Okay could be 1 of 4 things....
1) God's trying to test you.... Maybe? But Honestly the thing with God's testing is normally about stuff to do with what you've done vs what you did do and what you still need to learn from. I can venture to say that "God may be protecting you from something" or perhapse the whole deal of "God doesn't throw anything at you that you can't handle" but all in all I'd lean away from that one. Atleast as an overall part of this. Not that this kind of thing doesn't happen but more or less it's gotta place in the physical somehow.

2)Depends on how you "are a woman of God". Now I'm not talking about the whole deal on "fornicatin' it up for the night, weekend, month, year" but more to the level of "how you carry out your interpretation of that". If you're being preachy, quoting stuff or anything like that you have the automated reaction of "Okay great, you got a personal responce to things based on what you were taught to focus on, not from you relating to me form your heart." If that's going on, or you're trying to convert people it's not gonna fly well. It'll look like an "ulterior motive" and no one's gonna watch that for long.

3)Are you putting that on yourself that men won't find you attractive due to the "Strong Woman of God" thing?

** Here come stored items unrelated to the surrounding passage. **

lemma admissible_Flat_split:
  assumes adm: "admissible m D" and "(0, 1) \<notin> D"
  shows "admissible (m - 1) {(q, p). (q, Suc p) \<in> D}" (is "admissible _ ?D")
    and "D = (\<lambda>(q, p). (q, Suc p)) ` {(q, p). (q, Suc p) \<in> D}"
proof -
  show "admissible (m - 1) ?D" unfolding admissible_def
  proof (rule conjI; intro allI impI)
    fix q p assume "(q, p) \<in> ?D"
    then have c: "(q, Suc p) \<in> D" by simp
    have "p \<noteq> 0" using admissible_first_row[OF adm c] \<open>(0, 1) \<notin> D\<close> by (cases p) auto
    then show "1 \<le> p \<and> p + 2 * q < m - 1" using admissible_bounds[OF adm c] by simp
  next
    fix q p assume "(Suc q, p) \<in> ?D"
    then show "(q, p) \<in> ?D \<and> (q, Suc p) \<in> ?D \<and> (q, Suc (Suc p)) \<in> ?D"
      using admissible_below[OF adm, of q "Suc p"] by simp
  qed
  show "D = (\<lambda>(q, p). (q, Suc p)) ` ?D"
  proof (intro set_eqI iffI)
    fix c assume "c \<in> D"
    then obtain q p where c: "c = (q, p)" "(q, p) \<in> D" by (cases c) auto
    have "p \<noteq> 0" "p \<noteq> 1"
      using admissible_bounds[OF adm c(2)] admissible_first_row[OF adm c(2)] \<open>(0, 1) \<notin> D\<close> by auto
    then obtain p' where "p = Suc (Suc p')" by (metis One_nat_def not0_implies_Suc)
    then show "c \<in> (\<lambda>(q, p). (q, Suc p)) ` ?D" using c by (intro rev_image_eqI[of "(q, Suc p')"]) auto
  qed auto
qed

Are you assuming that by "general male stereotypes" and stuff like that there's not much of a place for "a person like yourself"? Honestly, when it comes to the "gender stuff" 1/2 of it is just senseless crap to keep everyone guessing and the other 1/2 is stupid crap society wants to keep you going on.

4)So aside from all that to think about, maybe you're too busy looking at your own "Strong connection" that you're not seeing how others make their connection? Honestly there's totally "Strong men for God suitable for you" out there floating about. Maybe it's a matter of trying to find that part in them for you.

Also, get to know people closer and be open with stuff. The "one" usually is someone we can learn from too. (Part of that whole growing together part of it all)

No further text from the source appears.